WHAT TO DO >>
Among the records below, find the line that has "a tree s are"; from there, give the lines again exactly, and stop after the line that has "(subtree_automaton t) \<longleftrightarrow>".

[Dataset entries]
***
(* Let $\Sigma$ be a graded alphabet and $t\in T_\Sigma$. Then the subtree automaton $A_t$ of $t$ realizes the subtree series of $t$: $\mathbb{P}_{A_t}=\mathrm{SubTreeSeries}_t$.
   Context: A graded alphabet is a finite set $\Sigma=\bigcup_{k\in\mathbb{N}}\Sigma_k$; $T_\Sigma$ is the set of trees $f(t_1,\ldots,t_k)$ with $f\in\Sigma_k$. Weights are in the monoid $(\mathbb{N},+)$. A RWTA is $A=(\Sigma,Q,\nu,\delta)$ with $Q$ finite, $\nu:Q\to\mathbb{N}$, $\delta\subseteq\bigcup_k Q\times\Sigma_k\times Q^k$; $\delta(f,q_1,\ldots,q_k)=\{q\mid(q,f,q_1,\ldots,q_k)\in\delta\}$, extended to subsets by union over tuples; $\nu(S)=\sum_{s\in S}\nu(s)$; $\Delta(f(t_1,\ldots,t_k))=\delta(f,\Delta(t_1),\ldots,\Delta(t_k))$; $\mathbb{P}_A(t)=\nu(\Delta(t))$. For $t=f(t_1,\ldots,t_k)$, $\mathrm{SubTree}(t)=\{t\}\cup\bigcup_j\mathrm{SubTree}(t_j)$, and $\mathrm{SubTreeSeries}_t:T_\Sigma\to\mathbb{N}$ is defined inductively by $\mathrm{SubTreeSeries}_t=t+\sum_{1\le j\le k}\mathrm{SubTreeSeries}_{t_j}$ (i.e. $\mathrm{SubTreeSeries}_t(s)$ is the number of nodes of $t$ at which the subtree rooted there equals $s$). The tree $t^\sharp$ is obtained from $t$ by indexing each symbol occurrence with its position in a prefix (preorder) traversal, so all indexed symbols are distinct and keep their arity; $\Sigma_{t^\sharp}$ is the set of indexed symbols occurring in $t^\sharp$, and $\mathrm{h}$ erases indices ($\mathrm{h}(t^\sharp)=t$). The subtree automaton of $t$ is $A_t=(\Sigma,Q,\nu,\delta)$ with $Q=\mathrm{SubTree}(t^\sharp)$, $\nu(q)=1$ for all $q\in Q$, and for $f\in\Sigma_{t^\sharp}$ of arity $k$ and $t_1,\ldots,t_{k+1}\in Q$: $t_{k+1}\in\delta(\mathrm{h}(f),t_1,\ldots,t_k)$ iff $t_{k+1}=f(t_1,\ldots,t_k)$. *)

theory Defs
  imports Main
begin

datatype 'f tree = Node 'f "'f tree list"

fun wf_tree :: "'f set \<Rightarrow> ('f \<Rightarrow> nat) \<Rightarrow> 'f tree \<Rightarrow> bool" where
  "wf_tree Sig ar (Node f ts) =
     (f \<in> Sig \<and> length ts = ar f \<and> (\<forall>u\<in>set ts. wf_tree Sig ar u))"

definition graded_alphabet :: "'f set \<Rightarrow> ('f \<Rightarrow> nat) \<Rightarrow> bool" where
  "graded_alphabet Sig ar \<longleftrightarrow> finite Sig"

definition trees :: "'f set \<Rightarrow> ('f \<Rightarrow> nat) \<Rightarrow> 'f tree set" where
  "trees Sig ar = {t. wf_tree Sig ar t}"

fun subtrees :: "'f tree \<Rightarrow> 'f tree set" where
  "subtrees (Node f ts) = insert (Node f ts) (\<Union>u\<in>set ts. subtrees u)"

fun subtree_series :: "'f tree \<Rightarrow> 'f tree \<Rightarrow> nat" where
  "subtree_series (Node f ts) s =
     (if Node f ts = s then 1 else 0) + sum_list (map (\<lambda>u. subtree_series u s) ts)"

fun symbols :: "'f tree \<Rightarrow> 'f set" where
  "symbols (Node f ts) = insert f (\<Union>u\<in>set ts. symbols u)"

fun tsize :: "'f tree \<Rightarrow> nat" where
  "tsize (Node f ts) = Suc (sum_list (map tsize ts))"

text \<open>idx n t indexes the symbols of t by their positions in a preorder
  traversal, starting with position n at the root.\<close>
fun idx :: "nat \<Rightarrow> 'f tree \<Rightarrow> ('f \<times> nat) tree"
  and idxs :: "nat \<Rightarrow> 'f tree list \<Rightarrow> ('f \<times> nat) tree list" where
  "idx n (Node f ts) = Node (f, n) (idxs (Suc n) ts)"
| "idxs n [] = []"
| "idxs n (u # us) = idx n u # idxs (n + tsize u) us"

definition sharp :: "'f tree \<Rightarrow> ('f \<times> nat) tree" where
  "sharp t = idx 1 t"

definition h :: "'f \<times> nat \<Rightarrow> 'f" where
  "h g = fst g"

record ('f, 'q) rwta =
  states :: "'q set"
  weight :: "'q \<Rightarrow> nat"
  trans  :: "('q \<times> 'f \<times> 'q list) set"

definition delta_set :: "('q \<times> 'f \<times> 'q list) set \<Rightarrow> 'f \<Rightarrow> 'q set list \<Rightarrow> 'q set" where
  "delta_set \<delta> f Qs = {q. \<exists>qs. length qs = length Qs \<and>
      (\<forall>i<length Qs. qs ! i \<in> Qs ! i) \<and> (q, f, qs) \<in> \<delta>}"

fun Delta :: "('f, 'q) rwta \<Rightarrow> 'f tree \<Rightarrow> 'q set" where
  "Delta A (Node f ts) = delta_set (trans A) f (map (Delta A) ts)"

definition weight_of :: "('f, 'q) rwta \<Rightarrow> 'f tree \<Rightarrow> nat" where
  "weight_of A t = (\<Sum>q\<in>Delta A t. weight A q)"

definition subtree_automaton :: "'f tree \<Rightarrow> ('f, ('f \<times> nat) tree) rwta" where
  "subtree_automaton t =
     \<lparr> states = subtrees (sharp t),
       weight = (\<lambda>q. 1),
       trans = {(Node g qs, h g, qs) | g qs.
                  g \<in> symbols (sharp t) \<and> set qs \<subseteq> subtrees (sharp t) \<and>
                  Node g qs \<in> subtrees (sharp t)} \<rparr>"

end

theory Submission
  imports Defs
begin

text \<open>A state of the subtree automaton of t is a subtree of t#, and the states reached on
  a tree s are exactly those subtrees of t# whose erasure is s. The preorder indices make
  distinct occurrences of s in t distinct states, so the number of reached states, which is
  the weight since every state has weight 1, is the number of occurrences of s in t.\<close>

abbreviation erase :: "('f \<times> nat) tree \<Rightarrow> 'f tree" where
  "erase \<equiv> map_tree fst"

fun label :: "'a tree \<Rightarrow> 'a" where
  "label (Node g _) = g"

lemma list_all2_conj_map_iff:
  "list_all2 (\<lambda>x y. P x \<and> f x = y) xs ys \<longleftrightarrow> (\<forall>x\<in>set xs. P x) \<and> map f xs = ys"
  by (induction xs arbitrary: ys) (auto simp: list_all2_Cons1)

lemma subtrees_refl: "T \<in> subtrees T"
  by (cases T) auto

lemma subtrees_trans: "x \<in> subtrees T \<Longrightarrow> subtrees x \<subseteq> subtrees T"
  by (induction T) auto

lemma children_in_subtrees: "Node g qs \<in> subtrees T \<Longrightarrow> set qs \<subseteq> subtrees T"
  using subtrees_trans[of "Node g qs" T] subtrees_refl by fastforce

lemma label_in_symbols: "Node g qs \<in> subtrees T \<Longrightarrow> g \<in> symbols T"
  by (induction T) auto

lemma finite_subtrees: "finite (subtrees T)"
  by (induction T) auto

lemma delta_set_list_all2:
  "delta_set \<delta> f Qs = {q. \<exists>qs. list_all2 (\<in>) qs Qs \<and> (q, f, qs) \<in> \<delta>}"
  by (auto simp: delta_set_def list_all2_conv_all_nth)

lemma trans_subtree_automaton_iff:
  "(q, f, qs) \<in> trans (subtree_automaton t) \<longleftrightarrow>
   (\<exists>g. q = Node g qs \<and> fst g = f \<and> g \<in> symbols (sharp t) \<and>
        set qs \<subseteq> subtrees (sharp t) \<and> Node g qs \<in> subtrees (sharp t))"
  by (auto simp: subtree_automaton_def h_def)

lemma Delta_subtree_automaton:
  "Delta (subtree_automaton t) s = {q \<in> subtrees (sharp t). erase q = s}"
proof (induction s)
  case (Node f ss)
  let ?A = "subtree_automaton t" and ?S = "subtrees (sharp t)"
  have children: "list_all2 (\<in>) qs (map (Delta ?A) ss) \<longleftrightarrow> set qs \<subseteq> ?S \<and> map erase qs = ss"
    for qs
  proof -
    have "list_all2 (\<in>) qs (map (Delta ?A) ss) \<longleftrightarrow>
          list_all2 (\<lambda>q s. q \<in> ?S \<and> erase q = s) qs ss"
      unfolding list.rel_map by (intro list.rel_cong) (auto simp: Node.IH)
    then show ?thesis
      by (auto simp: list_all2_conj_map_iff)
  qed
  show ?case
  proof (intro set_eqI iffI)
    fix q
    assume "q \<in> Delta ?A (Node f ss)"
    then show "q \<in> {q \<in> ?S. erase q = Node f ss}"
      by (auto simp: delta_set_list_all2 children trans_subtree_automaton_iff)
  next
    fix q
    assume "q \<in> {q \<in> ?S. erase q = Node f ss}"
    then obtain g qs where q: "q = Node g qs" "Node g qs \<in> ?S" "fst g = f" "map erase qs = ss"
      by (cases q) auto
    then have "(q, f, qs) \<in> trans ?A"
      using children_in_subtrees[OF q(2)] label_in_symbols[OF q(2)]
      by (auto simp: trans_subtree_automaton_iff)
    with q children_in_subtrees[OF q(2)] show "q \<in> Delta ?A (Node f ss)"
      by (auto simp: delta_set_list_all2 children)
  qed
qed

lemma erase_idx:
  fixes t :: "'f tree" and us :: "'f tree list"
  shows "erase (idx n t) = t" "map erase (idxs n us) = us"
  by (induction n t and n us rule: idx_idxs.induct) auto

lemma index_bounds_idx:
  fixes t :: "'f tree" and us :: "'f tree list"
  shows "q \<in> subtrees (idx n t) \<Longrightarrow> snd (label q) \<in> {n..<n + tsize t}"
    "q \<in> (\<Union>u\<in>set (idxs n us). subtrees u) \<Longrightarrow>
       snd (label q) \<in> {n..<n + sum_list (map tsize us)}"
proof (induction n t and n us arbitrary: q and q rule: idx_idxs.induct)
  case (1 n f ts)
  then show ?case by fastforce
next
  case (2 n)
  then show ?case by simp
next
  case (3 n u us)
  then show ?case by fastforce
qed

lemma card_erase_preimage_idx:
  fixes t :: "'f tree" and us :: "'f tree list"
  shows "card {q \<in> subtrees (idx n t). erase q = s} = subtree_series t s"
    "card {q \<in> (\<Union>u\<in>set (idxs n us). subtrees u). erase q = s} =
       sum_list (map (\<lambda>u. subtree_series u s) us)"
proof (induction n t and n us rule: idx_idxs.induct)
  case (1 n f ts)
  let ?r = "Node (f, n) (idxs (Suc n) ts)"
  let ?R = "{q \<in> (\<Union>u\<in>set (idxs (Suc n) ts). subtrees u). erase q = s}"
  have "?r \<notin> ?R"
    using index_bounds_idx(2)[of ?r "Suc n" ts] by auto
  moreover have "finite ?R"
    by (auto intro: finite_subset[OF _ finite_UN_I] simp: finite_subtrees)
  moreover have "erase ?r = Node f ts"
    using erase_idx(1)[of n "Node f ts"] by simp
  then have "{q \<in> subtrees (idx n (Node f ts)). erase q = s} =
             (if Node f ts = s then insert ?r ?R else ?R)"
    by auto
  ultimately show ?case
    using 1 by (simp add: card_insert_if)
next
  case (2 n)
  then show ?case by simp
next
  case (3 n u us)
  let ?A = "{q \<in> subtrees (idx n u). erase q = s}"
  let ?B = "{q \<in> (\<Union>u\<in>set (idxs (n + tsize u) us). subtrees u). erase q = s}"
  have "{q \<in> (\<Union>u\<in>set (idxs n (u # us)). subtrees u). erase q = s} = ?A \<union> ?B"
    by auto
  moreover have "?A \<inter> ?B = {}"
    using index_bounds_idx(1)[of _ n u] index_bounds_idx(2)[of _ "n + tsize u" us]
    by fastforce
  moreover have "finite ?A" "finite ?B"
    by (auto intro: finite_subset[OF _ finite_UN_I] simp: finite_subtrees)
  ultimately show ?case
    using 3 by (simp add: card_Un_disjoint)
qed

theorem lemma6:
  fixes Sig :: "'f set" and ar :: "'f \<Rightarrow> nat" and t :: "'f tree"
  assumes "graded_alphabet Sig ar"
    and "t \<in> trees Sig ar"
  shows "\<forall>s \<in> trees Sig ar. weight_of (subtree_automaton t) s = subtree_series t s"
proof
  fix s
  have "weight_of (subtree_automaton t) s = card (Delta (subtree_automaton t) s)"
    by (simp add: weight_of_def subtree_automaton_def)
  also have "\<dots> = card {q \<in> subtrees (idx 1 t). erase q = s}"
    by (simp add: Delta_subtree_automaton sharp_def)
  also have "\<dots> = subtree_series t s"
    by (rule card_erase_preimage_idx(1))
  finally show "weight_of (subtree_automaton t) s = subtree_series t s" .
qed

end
***
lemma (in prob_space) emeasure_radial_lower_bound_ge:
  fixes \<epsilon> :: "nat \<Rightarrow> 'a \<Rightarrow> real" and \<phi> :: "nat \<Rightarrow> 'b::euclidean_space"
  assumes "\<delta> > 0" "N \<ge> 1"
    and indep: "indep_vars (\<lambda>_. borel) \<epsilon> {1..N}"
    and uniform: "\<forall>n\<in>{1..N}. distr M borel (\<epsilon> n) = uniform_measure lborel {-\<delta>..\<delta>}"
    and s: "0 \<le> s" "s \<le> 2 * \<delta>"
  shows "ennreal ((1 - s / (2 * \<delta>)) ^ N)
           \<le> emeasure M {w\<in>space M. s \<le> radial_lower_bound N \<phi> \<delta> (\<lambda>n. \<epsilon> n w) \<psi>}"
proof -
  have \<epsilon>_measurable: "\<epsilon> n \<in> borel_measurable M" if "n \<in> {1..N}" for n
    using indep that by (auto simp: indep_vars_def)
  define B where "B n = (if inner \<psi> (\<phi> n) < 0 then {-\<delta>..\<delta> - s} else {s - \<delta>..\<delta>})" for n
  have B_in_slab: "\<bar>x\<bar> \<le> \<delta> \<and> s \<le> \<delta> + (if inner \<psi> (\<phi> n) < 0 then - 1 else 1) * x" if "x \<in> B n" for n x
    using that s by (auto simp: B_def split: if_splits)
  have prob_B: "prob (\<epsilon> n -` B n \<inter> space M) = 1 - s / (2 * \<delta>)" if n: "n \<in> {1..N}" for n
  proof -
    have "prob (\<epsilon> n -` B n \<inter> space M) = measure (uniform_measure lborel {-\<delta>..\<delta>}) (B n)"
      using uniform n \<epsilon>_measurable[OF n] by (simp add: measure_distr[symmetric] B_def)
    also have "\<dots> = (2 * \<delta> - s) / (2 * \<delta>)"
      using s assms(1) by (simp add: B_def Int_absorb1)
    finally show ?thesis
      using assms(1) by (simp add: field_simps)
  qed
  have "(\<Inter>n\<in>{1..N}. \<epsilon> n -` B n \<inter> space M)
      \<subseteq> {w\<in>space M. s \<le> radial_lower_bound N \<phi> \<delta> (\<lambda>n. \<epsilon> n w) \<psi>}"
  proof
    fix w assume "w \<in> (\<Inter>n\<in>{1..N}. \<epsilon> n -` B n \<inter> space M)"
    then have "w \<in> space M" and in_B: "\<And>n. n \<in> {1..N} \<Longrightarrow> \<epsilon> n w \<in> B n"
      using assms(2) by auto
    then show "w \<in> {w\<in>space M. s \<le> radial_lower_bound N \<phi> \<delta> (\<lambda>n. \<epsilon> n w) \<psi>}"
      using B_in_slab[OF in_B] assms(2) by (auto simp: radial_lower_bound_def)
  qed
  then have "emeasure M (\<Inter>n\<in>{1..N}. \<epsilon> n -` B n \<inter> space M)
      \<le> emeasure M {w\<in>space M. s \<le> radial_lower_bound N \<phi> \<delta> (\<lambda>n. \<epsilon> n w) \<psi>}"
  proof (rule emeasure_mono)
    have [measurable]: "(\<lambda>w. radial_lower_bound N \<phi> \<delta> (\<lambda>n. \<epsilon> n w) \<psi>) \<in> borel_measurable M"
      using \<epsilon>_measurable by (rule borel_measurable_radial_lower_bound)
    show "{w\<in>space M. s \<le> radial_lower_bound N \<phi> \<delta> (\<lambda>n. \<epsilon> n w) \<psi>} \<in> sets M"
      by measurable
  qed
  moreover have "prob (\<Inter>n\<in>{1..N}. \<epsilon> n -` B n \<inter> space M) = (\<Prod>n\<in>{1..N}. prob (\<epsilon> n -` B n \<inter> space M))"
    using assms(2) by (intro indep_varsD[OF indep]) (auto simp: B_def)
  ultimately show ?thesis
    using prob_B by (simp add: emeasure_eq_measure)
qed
***
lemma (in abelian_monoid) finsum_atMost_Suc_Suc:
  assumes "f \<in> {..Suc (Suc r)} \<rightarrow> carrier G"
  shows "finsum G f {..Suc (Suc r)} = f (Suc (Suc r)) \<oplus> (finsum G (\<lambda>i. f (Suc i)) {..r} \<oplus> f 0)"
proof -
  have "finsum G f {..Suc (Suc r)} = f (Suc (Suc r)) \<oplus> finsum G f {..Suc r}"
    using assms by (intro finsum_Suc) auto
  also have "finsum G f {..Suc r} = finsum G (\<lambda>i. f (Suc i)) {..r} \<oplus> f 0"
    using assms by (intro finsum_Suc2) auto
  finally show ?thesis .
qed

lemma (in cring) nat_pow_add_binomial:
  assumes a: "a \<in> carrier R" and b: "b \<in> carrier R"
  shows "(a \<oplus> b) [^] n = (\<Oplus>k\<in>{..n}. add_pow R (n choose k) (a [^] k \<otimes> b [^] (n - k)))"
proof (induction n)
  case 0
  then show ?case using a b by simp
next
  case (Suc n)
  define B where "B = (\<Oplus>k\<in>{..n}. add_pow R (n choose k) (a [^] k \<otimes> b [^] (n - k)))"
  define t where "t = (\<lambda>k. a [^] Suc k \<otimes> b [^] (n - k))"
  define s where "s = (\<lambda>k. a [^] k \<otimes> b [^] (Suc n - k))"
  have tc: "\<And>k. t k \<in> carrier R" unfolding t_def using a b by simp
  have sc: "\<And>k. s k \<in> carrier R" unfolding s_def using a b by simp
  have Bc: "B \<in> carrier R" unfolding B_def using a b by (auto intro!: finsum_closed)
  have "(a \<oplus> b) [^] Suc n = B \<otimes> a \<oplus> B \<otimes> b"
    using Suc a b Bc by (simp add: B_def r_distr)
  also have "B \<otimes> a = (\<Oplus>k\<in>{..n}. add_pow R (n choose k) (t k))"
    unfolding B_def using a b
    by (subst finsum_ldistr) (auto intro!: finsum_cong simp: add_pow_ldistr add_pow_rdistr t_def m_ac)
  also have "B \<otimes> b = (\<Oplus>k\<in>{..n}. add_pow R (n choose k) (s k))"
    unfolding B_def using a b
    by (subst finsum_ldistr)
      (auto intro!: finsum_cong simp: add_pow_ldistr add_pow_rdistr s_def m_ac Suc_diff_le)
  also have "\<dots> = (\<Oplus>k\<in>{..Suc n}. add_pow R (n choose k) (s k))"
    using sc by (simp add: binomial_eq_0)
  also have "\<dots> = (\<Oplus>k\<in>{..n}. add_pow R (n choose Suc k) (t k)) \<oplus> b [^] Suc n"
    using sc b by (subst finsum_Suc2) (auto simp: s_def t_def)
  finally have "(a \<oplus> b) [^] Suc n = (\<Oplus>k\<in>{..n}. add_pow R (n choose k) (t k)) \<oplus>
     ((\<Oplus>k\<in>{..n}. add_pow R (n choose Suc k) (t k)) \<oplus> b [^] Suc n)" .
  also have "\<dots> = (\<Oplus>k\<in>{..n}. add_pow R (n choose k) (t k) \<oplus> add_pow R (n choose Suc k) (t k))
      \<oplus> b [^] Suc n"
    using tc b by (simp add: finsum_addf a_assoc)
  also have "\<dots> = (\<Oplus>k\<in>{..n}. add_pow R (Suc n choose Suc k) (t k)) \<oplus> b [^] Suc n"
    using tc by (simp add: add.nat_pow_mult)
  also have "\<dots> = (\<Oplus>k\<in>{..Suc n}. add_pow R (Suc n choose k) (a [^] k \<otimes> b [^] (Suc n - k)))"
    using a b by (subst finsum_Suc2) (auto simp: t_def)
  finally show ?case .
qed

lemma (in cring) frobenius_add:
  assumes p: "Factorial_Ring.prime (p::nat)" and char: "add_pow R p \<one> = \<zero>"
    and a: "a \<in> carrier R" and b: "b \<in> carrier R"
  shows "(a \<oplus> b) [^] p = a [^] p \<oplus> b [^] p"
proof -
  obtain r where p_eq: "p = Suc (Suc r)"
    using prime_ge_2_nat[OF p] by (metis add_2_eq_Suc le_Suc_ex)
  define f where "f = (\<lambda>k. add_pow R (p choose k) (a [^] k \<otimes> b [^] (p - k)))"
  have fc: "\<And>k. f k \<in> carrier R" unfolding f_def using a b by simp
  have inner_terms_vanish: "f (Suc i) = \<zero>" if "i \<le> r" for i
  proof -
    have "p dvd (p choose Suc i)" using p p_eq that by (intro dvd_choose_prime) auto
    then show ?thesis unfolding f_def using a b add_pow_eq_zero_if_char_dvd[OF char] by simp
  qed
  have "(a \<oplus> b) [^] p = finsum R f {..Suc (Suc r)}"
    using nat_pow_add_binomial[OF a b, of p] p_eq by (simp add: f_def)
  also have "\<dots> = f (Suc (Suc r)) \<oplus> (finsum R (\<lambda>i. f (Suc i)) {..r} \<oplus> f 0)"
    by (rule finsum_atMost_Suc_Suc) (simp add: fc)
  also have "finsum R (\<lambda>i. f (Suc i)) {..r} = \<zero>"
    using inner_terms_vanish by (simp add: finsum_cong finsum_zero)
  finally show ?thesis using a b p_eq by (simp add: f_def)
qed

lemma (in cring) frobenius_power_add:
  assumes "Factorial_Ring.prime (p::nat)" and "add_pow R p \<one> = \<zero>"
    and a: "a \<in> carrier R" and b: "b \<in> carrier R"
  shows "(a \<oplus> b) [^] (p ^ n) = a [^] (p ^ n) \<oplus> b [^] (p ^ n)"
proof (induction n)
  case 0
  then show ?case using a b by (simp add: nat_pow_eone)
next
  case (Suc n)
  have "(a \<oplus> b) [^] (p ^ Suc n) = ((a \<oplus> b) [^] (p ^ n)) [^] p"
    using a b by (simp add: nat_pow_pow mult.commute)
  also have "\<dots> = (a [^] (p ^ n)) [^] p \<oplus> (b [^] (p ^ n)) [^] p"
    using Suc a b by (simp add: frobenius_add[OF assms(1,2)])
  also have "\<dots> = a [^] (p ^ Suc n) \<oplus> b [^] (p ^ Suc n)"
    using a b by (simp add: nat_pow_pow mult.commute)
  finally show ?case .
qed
***
WRITTEN ANSWER >>
  a tree s are exactly those subtrees of t# whose erasure is s. The preorder indices make
  distinct occurrences of s in t distinct states, so the number of reached states, which is
  the weight since every state has weight 1, is the number of occurrences of s in t.\<close>

abbreviation erase :: "('f \<times> nat) tree \<Rightarrow> 'f tree" where
  "erase \<equiv> map_tree fst"

fun label :: "'a tree \<Rightarrow> 'a" where
  "label (Node g _) = g"

lemma list_all2_conj_map_iff:
  "list_all2 (\<lambda>x y. P x \<and> f x = y) xs ys \<longleftrightarrow> (\<forall>x\<in>set xs. P x) \<and> map f xs = ys"
  by (induction xs arbitrary: ys) (auto simp: list_all2_Cons1)

lemma subtrees_refl: "T \<in> subtrees T"
  by (cases T) auto

lemma subtrees_trans: "x \<in> subtrees T \<Longrightarrow> subtrees x \<subseteq> subtrees T"
  by (induction T) auto

lemma children_in_subtrees: "Node g qs \<in> subtrees T \<Longrightarrow> set qs \<subseteq> subtrees T"
  using subtrees_trans[of "Node g qs" T] subtrees_refl by fastforce

lemma label_in_symbols: "Node g qs \<in> subtrees T \<Longrightarrow> g \<in> symbols T"
  by (induction T) auto

lemma finite_subtrees: "finite (subtrees T)"
  by (induction T) auto

lemma delta_set_list_all2:
  "delta_set \<delta> f Qs = {q. \<exists>qs. list_all2 (\<in>) qs Qs \<and> (q, f, qs) \<in> \<delta>}"
  by (auto simp: delta_set_def list_all2_conv_all_nth)

lemma trans_subtree_automaton_iff:
  "(q, f, qs) \<in> trans (subtree_automaton t) \<longleftrightarrow>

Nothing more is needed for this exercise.